(Stored items from a collection)

lemma kill_cross_prod:
  "finite I \<Longrightarrow> kill_cross X Y (mfps_prod I F) = mfps_prod I (\<lambda>i. kill_cross X Y (F i))"
  unfolding kill_cross_eq_filter by (rule mfps_filter_prod[OF cross_free_add]) (simp_all add: cross_free_def)

lemma kill_cross_0: "kill_cross X Y f 0 = f 0"
  by (simp add: kill_cross_def)

lemma kill_cross_restrict:
  assumes "\<And>m. f m \<noteq> 0 \<Longrightarrow> Poly_Mapping.keys m \<subseteq> pair_vars D"
  shows "kill_cross X Y f = kill_cross (X \<inter> D) (Y \<inter> D) f"
  unfolding kill_cross_def fun_eq_iff using assms pair_vars_memD by fastforce

lemma kill_cross_eq_self:
  assumes "\<And>m. f m \<noteq> 0 \<Longrightarrow> Poly_Mapping.keys m \<subseteq> pair_vars D" "D \<inter> X = {} \<or> D \<inter> Y = {}"
  shows "kill_cross X Y f = f"
proof -
  have "kill_cross X Y f = kill_cross (X \<inter> D) (Y \<inter> D) f"
    by (rule kill_cross_restrict[OF assms(1)])
  also have "\<dots> = f"
    using assms(2) by (auto simp: kill_cross_def fun_eq_iff Int_commute)
  finally show ?thesis .
qed

lemma not_graph_connected_cut:
  assumes "\<not> graph_connected C E"
  obtains X Y where "X \<union> Y = C" "X \<inter> Y = {}" "X \<noteq> {}" "Y \<noteq> {}"
    and "\<And>i j. i \<in> X \<Longrightarrow> j \<in> Y \<Longrightarrow> {i, j} \<notin> E"
proof -
  let ?r = "\<lambda>u v. u \<in> C \<and> v \<in> C \<and> u \<noteq> v \<and> {u, v} \<in> E"
  from assms obtain x y where xy: "x \<in> C" "y \<in> C" "\<not> ?r\<^sup>*\<^sup>* x y"
    unfolding graph_connected_def by blast
  define X where "X = {v \<in> C. ?r\<^sup>*\<^sup>* x v}"
  have "{i, j} \<notin> E" if "i \<in> X" "j \<in> C - X" for i j
  proof
    assume "{i, j} \<in> E"
    with that have "?r\<^sup>*\<^sup>* x j"
      by (auto simp: X_def intro: rtranclp.rtrancl_into_rtrancl)
    with that show False
      by (simp add: X_def)
  qed
  moreover have "x \<in> X" "y \<in> C - X"
    using xy by (auto simp: X_def)
  ultimately show ?thesis
    by (intro that[of X "C - X"]) (auto simp: X_def)
qed

lemma graph_connected_if_kill_cross_const:
  assumes "\<And>X Y. X \<union> Y = C \<Longrightarrow> X \<inter> Y = {} \<Longrightarrow> X \<noteq> {} \<Longrightarrow> Y \<noteq> {} \<Longrightarrow>
             kill_cross X Y f = mfps_const (f 0)"
    and "m \<noteq> 0" "f m \<noteq> 0"
  shows "graph_connected C (Poly_Mapping.keys m)"
proof (rule ccontr)
  assume "\<not> graph_connected C (Poly_Mapping.keys m)"
  then obtain X Y where cut: "X \<union> Y = C" "X \<inter> Y = {}" "X \<noteq> {}" "Y \<noteq> {}"
    and no_edge: "\<And>i j. i \<in> X \<Longrightarrow> j \<in> Y \<Longrightarrow> {i, j} \<notin> Poly_Mapping.keys m"
    by (rule not_graph_connected_cut) blast
  from no_edge have "kill_cross X Y f m = f m"
    by (auto simp: kill_cross_def)
  moreover have "kill_cross X Y f m = 0"
    using assms(1)[OF cut] assms(2) by (simp add: mfps_const_def)
  ultimately show False
    using assms(3) by simp
qed

definition crossing_subsets :: "'a set \<Rightarrow> 'a set \<Rightarrow> 'a set set" where
  "crossing_subsets X Y = {D. D \<subseteq> X \<union> Y \<and> D \<inter> X \<noteq> {} \<and> D \<inter> Y \<noteq> {}}"

lemma Pow_Un_crossing_subsets:
  "Pow (X \<union> Y) = crossing_subsets X Y \<union> (Pow X \<union> (Pow Y - {{}}))"
  by (auto simp: crossing_subsets_def)

lemma finite_crossing_subsets: "finite (X \<union> Y) \<Longrightarrow> finite (crossing_subsets X Y)"
  by (rule finite_subset[of _ "Pow (X \<union> Y)"]) (auto simp: crossing_subsets_def)

locale factorable_family =
  fixes B :: "'a set" and L Lt :: "'a set \<Rightarrow> 'a mfps"
  assumes finite_B: "finite B"
    and L_vars: "\<And>S m. S \<subseteq> B \<Longrightarrow> L S m \<noteq> 0 \<Longrightarrow> Poly_Mapping.keys m \<subseteq> pair_vars S"
    and L_0: "\<And>S. S \<subseteq> B \<Longrightarrow> L S 0 \<noteq> 0"
    and L_eq_prod_Lt: "\<And>S. S \<subseteq> B \<Longrightarrow> L S = mfps_prod (Pow S) Lt"
    and L_factor: "\<And>S X Y. S \<subseteq> B \<Longrightarrow> X \<union> Y = S \<Longrightarrow> X \<inter> Y = {} \<Longrightarrow>
                     kill_cross X Y (L S) = mfps_mult (L X) (L Y)"
begin

lemma Lt_0_nonzero: "C \<subseteq> B \<Longrightarrow> Lt C 0 \<noteq> 0"
  using L_0[of C] L_eq_prod_Lt[of C] finite_subset[OF _ finite_B, of C]
  by (auto simp: mfps_prod_0)

lemma mfps_prod_Lt_0_nonzero: "I \<subseteq> Pow B \<Longrightarrow> mfps_prod I Lt 0 \<noteq> 0"
  using finite_subset[of I "Pow B"] finite_B Lt_0_nonzero by (auto simp: mfps_prod_0)

lemma L_eq_Lt_mult: "C \<subseteq> B \<Longrightarrow> L C = mfps_mult (Lt C) (mfps_prod (Pow C - {C}) Lt)"
  using L_eq_prod_Lt[of C] mfps_prod_insert[of "Pow C - {C}" C Lt] finite_subset[OF _ finite_B, of C]
  by (simp add: insert_absorb)

lemma Lt_vars:
  assumes "C \<subseteq> B" "Lt C m \<noteq> 0"
  shows "Poly_Mapping.keys m \<subseteq> pair_vars C"
  using finite_subset[OF assms(1) finite_B] assms
proof (induction C arbitrary: m rule: finite_psubset_induct)
  case (psubset C)
  let ?Q = "\<lambda>m :: 'a mono. Poly_Mapping.keys m \<subseteq> pair_vars C"
  let ?R = "mfps_prod (Pow C - {C}) Lt"
  have Q_add: "?Q (p + q) \<longleftrightarrow> ?Q p \<and> ?Q q" for p q
    by (auto simp: keys_add_monomial)
  have "mfps_filter ?Q (Lt D) = Lt D" if "D \<in> Pow C - {C}" for D
  proof -
    from that psubset.prems(1) have "D \<subset> C" "D \<subseteq> B"
      by auto
    then have "Lt D m \<noteq> 0 \<Longrightarrow> Poly_Mapping.keys m \<subseteq> pair_vars D" for m
      by (rule psubset.IH)
    with pair_vars_mono[of D C] \<open>D \<subset> C\<close> show ?thesis
      by (auto simp: mfps_filter_eq_self_iff)
  qed
  then have "mfps_prod (Pow C - {C}) (\<lambda>D. mfps_filter ?Q (Lt D)) = ?R"
    by (rule mfps_prod_cong)
  then have "mfps_filter ?Q ?R = ?R"
    using psubset.hyps by (simp add: mfps_filter_prod[OF Q_add])
  moreover have "?R 0 \<noteq> 0"
    using psubset.prems(1) by (intro mfps_prod_Lt_0_nonzero) auto
  moreover have "mfps_filter ?Q (mfps_mult (Lt C) ?R) = mfps_mult (Lt C) ?R"
    using L_vars[OF psubset.prems(1)] L_eq_Lt_mult[OF psubset.prems(1)]
    by (simp add: mfps_filter_eq_self_iff)
  ultimately have "mfps_filter ?Q (Lt C) = Lt C"
    by (rule mfps_filter_mult_cancel[OF Q_add])
  with psubset.prems(2) show ?case
    by (auto simp: mfps_filter_eq_self_iff)
qed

Exercise directions — For each line above that holds the string "shows", provide a copy of that line.

Response area —
  shows "kill_cross X Y f = kill_cross (X \<inter> D) (Y \<inter> D) f"
  shows "kill_cross X Y f = f"
  shows "graph_connected C (Poly_Mapping.keys m)"
  shows "Poly_Mapping.keys m \<subseteq> pair_vars C"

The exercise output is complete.